A large fraction of information in electronic medical records is “locked” in narrative documents, such as provider notes, radiology reports, etc. Natural language processing technology can be used to extract information from narrative documents. However, it remains underutilized, because in many cases natural language processing solutions require advanced computer science expertise and/or expensive commercial software.
Canary (http://canary.bwh.harvard.edu) is a free/open-source software designed to solve this problem. Canary is a GUI-based platform that allows clinicians, researchers and analysts without computer science or software engineering background to develop their own natural language processing solutions. Canary has been downloaded in dozens of institutions around the world and has been successfully used in a number of projects. We will describe Canary and illustrate how it can be used to obtain information from narrative documents you always wanted, but could not reach.
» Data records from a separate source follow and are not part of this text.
lemma orthonormal_append_normalized:
  assumes on: "orthonormal_upto d es"
    and p_es: "\<And>k. k < length es \<Longrightarrow> dot_upto d p (es!k) = 0" and "dot_upto d p p \<noteq> 0"
  defines "e \<equiv> \<lambda>l. p l / sqrt (dot_upto d p p)"
  shows "orthonormal_upto d (es @ [e])"
proof -
  define s where "s = sqrt (dot_upto d p p)"
  have s: "s > 0" "s * s = dot_upto d p p"
    using \<open>dot_upto d p p \<noteq> 0\<close> dot_upto_self_nonneg[of d p] unfolding s_def
    by (simp_all add: order_neq_le_trans)
  have de: "dot_upto d e z = dot_upto d p z / s" for z
    unfolding e_def s_def by (rule dot_upto_divide)
  have e_es: "dot_upto d e (es!k) = 0" if "k < length es" for k
    using de p_es that by simp
  have "dot_upto d p e = s"
    using de[of p] dot_upto_commute[of d e p] s(1) by (simp add: s(2)[symmetric])
  then have ee: "dot_upto d e e = 1"
    using de[of e] s by simp
  show ?thesis
    unfolding orthonormal_upto_def
  proof (intro allI impI)
    fix k l assume "k < length (es @ [e])" "l < length (es @ [e])"
    then have k: "k < length es \<or> k = length es" and l: "l < length es \<or> l = length es"
      by auto
    have nth: "(es @ [e])!i = (if i < length es then es!i else e)" if "i < length es \<or> i = length es" for i
      using that by (auto simp: nth_append)
    show "dot_upto d ((es @ [e])!k) ((es @ [e])!l) = of_bool (k = l)"
      using k l on ee e_es dot_upto_commute[of d e "es!k"] unfolding nth[OF k] nth[OF l]
      unfolding orthonormal_upto_def by auto
  qed
qed

text \<open>One Gram-Schmidt step: \<open>b\<close> minus its projection onto \<open>es\<close> is either zero or, normalised,
  extends \<open>es\<close>.\<close>

lemma gram_schmidt_step:
  assumes on: "orthonormal_upto d es"
  shows "\<exists>es'. length es' \<le> Suc (length es) \<and> orthonormal_upto d es' \<and> parseval d es' b \<and>
           (\<forall>b'. parseval d es b' \<longrightarrow> parseval d es' b')"
proof -
  define m where "m = length es"
  define p where "p l = b l - (\<Sum>k<m. dot_upto d b (es!k) * (es!k) l)" for l
  have dp: "dot_upto d p z = dot_upto d b z - (\<Sum>k<m. dot_upto d b (es!k) * dot_upto d (es!k) z)" for z
    unfolding p_def by (rule dot_upto_minus_combination)
  have dp_es: "dot_upto d p (es!j) = 0" if "j < m" for j
  proof -
    have "(\<Sum>k<m. dot_upto d b (es!k) * dot_upto d (es!k) (es!j))
        = (\<Sum>k<m. if k = j then dot_upto d b (es!k) else 0)"
      using on that unfolding orthonormal_upto_def m_def by (intro sum.cong) auto
    with dp that show ?thesis by simp
  qed
  show ?thesis
  proof (cases "dot_upto d p p = 0")
    case True
    have "dot_upto d b z = (\<Sum>k<m. dot_upto d b (es!k) * dot_upto d z (es!k))" for z
      using dp[of z] dot_upto_eq_0_if_self_eq_0[OF True, of z]
      by (simp add: dot_upto_commute[of d "es!_" z])
    then have "parseval d es b" unfolding parseval_def m_def by blast
    with on show ?thesis by (intro exI[of _ es]) auto
  next
    case False
    define s where "s = sqrt (dot_upto d p p)"
    define e where "e l = p l / s" for l
    have "s > 0" using False dot_upto_self_nonneg[of d p] unfolding s_def by simp
    have on': "orthonormal_upto d (es @ [e])"
      using orthonormal_append_normalized[OF on _ False] dp_es unfolding e_def s_def m_def by blast
    have e_es: "dot_upto d e (es!k) = 0" "dot_upto d (es!k) e = 0" if "k < m" for k
      using on'[unfolded orthonormal_upto_def, rule_format, of k m]
        on'[unfolded orthonormal_upto_def, rule_format, of m k] that
      by (simp_all add: nth_append m_def)
    have p_eq: "dot_upto d p z = s * dot_upto d z e" for z
      using dot_upto_divide[of d p s z] dot_upto_commute[of d e z] \<open>s > 0\<close>
      unfolding e_def[abs_def] by simp
    have "dot_upto d e e = 1"
      using on'[unfolded orthonormal_upto_def, rule_format, of m m] by (simp add: nth_append m_def)
    then have be: "dot_upto d b e = s"
      using dp[of e] e_es(2) p_eq[of e] by simp
    have len: "length (es @ [e]) = Suc m" unfolding m_def by simp
    have "dot_upto d b z = (\<Sum>k<Suc m. dot_upto d b ((es @ [e])!k) * dot_upto d z ((es @ [e])!k))" for z
    proof -
      have "(\<Sum>k<m. dot_upto d b (es!k) * dot_upto d (es!k) z)
          = (\<Sum>k<m. dot_upto d b ((es @ [e])!k) * dot_upto d z ((es @ [e])!k))"
        by (intro sum.cong) (auto simp: nth_append m_def dot_upto_commute[of d _ z])
      then show ?thesis using dp[of z] p_eq[of z] be by (simp add: nth_append m_def)
    qed
    then have "parseval d (es @ [e]) b" unfolding parseval_def len by blast
    moreover have "parseval d (es @ [e]) b'" if "parseval d es b'" for b'
      using e_es unfolding m_def by (intro parseval_append_orthogonal[OF that]) blast
    ultimately show ?thesis
      using on' len unfolding m_def by (intro exI[of _ "es @ [e]"]) simp
  qed
qed
lemma fst_orbit_level_in_domain:
  assumes "0 < b" and "b \<le> 1" and "p \<in> orbit_level b n"
  shows "b - 1 \<le> fst p \<and> fst p < b"
proof (cases n)
  case 0
  with assms(3) show ?thesis by (auto simp: orbit_level_def)
next
  case (Suc m)
  with assms(3) obtain p' where "p = TTalpha b p'" by (auto simp: orbit_level_Suc)
  with fst_TTalpha_in_domain[OF assms(1,2)] show ?thesis by simp
qed

section \<open>The matching relation\<close>

definition y_cut :: real where "y_cut = 1 - 1 / sqrt 2"

text \<open>The four maps defining S alone are not preserved by one step of the dynamics; the two
  extra maps, admitted only above y_cut, close up the case analysis.\<close>

definition related :: "real \<times> real \<Rightarrow> real \<times> real \<Rightarrow> bool" where
  "related p q \<longleftrightarrow> q \<in> Sset (fst p) (snd p) \<or>
     (y_cut \<le> snd p \<and> q \<in> {(- fst p / (fst p + 1), 1 - snd p), (fst p / (fst p + 1), snd p - 1)})"

lemma related_refl: "related p p"
  by (simp add: related_def Sset_def)

lemma related_neg: "related (X, Y) (- X, - Y)"
  by (simp add: related_def Sset_def)

lemma related_shift:
  assumes "Y \<noteq> 0"
  shows "related (X, 1 / Y) (X + 1, 1 / (Y - 1))"
proof -
  have "(1 / Y) / (1 - 1 / Y) = 1 / (Y - 1)"
    using assms by (cases "Y = 1") (simp_all add: field_simps)
  then show ?thesis by (simp add: related_def Sset_def)
qed

lemma related_flip:
  assumes "Y \<noteq> 0" and "Y + 1 \<noteq> 0"
  shows "related (X, 1 / Y) (1 - X, 1 / (- Y - 1))"
proof -
  have "- (1 / Y) / (1 / Y + 1) = 1 / (- Y - 1)"
    using assms by (simp add: field_simps)
  then show ?thesis by (simp add: related_def Sset_def)
qed

lemma related_above_cut:
  assumes "y_cut \<le> Y"
  shows "related (X, Y) (- X / (X + 1), 1 - Y)" and "related (X, Y) (X / (X + 1), Y - 1)"
  using assms by (simp_all add: related_def)

lemma related_below_cut:
  assumes "related p q" and "snd p < y_cut"
  shows "q \<in> Sset (fst p) (snd p)"
  using assms by (auto simp: related_def)
lemma (in quadratic_well) eventually_unique_circle_minimal:
  assumes "a > 0" "b > 0" "square (p1, p2) \<delta> \<subseteq> {0<..<a} \<times> {0<..<b}"
  shows "\<exists>U r. open U \<and> (p1, p2) \<in> U \<and> r > 0 \<and>
           (\<exists>N. \<forall>n\<ge>N. n \<ge> 1 \<and> nondegenerate f a b n \<longrightarrow>
              (\<exists>!ij. fst ij \<le> n \<and> snd ij \<le> n \<and>
                     grid_vertex a b n (fst ij) (snd ij) \<in> U \<and>
                     minimal_in_circle f a b n r (fst ij) (snd ij)))"
proof -
  define r where "r = (2 * capture_radius + step_ratio + 2) * (max a b / min a b)"
  define N where "N = nat \<lceil>2 * (r + capture_radius + 1) * max a b / \<delta>\<rceil> + 1"
  have "r > 0"
    using capture_radius_pos step_ratio_pos assms(1,2) by (simp add: r_def)
  have grid: "grid_well f g1 g2 p1 p2 \<delta> \<mu> M a b r n" if "n \<ge> N" "n \<ge> 1" for n
  proof (rule grid_well.intro[OF quadratic_well_axioms], rule grid_well_axioms.intro)
    show "a > 0" "b > 0" "square (p1, p2) \<delta> \<subseteq> {0<..<a} \<times> {0<..<b}" by (fact assms)+
    show "n \<ge> 1" by fact
    show "(2 * capture_radius + step_ratio + 2) * (max a b / min a b) \<le> r" by (simp add: r_def)
    have "2 * (r + capture_radius + 1) * max a b / \<delta> < real N"
      unfolding N_def by linarith
    also have "\<dots> \<le> real n" using \<open>n \<ge> N\<close> by simp
    finally have "2 * (r + capture_radius + 1) * max a b < real n * \<delta>"
      using \<delta>_pos by (simp add: divide_less_eq)
    then show "(r + capture_radius + 1) * (max a b / real n) < \<delta> / 2"
      using \<open>n \<ge> 1\<close> by (simp add: field_simps)
  qed
  show ?thesis
  proof (intro exI[of _ "square (p1, p2) \<delta>"] exI[of _ r] conjI exI[of _ N] allI impI open_square)
    show "(p1, p2) \<in> square (p1, p2) \<delta>" using \<delta>_pos by simp
    show "r > 0" by fact
    fix n assume "N \<le> n" "1 \<le> n \<and> nondegenerate f a b n"
    then show "\<exists>!ij. fst ij \<le> n \<and> snd ij \<le> n \<and> grid_vertex a b n (fst ij) (snd ij) \<in> square (p1, p2) \<delta> \<and>
        minimal_in_circle f a b n r (fst ij) (snd ij)"
      using grid_well.unique_circle_minimal[OF grid] by blast
  qed
qed

theorem theorem1:
  fixes a b :: real and f :: "real \<times> real \<Rightarrow> real" and p :: "real \<times> real"
  assumes "a > 0" and "b > 0"
    and "Ck_on 3 ({0<..<a} \<times> {0<..<b}) f"
    and "p \<in> {0<..<a} \<times> {0<..<b}"
    and "\<exists>e>0. \<forall>q\<in>{0..a} \<times> {0..b}. dist q p < e \<longrightarrow> f p \<le> f q"
    and "hessian_pos_def f p"
  shows "\<exists>U r. open U \<and> p \<in> U \<and> r > 0 \<and>
           (\<exists>N. \<forall>n\<ge>N. n \<ge> 1 \<and> nondegenerate f a b n \<longrightarrow>
              (\<exists>!ij. fst ij \<le> n \<and> snd ij \<le> n \<and>
                     grid_vertex a b n (fst ij) (snd ij) \<in> U \<and>
                     minimal_in_circle f a b n r (fst ij) (snd ij)))"
proof -
  define S where "S = {0<..<a} \<times> {0<..<b}"
  obtain p1 p2 where p: "p = (p1, p2)" by (cases p)
  have "open S" by (simp add: S_def open_Times)
  have "Ck_on (Suc 2) S f" using assms(3) unfolding S_def numeral_3_eq_3 numeral_2_eq_2 .
  \<comment> \<open>only two of the three orders of differentiability are needed\<close>
  then have "Ck_on 2 S f" by (rule Ck_on_Suc_imp_Ck_on)
  obtain e where "e > 0" and e: "\<forall>q\<in>{0..a} \<times> {0..b}. dist q p < e \<longrightarrow> f p \<le> f q"
    using assms(5) by blast
  have "\<forall>\<^sub>F q in nhds p. dist q p < e"
    using \<open>e > 0\<close> unfolding eventually_nhds_metric by blast
  moreover have "\<forall>\<^sub>F q in nhds p. q \<in> S"
    using \<open>open S\<close> assms(4) unfolding S_def by (rule eventually_nhds_in_open)
  ultimately have "\<forall>\<^sub>F q in nhds p. f p \<le> f q"
    by eventually_elim (use e in \<open>auto simp: S_def\<close>)
  then obtain \<delta> \<mu> M where sq: "square (p1, p2) \<delta> \<subseteq> S"
    and well: "quadratic_well f (partial1 f) (partial2 f) p1 p2 \<delta> \<mu> M"
    using C2_nondegenerate_local_min_quadratic_well[OF \<open>open S\<close> _ \<open>Ck_on 2 S f\<close>] assms(4,6)
    unfolding p S_def by blast
  show ?thesis
    using quadratic_well.eventually_unique_circle_minimal[OF well assms(1,2) sq[unfolded S_def]]
    unfolding p .
qed

end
After participating in this activity, the learner should be better able to:
- Understand challenges in developing natural language processing tools
- Create natural language processing solutions using Canary platform
Alexander Turchin, MD, MS, FACMI
Director of Informatics Research
Division of Endocrinology
Brigham and Women’s Hospital
Associate Professor of Medicine
Harvard Medical School
Dr. Turchin is Director of Informatics Research at the Division of Endocrinology at Brigham and Women's Hospital, Associate Professor of Medicine at Harvard Medical School and Director of Clinical Informatics at Baim Institute for Clinical Research. Dr. Turchin is a graduate of Johns Hopkins University School of Medicine and Massachusetts Institute of Technology (Medical Informatics). His research focuses on analysis of electronic medical record data; he uses advanced informatics technologies including natural language processing to study quality of care and outcomes in chronic endocrine diseases. Dr. Turchin is a Fellow of the American College of Medical Informatics and has published over 80 papers and book chapters; his research has been funded by AHRQ, NIH and private foundations.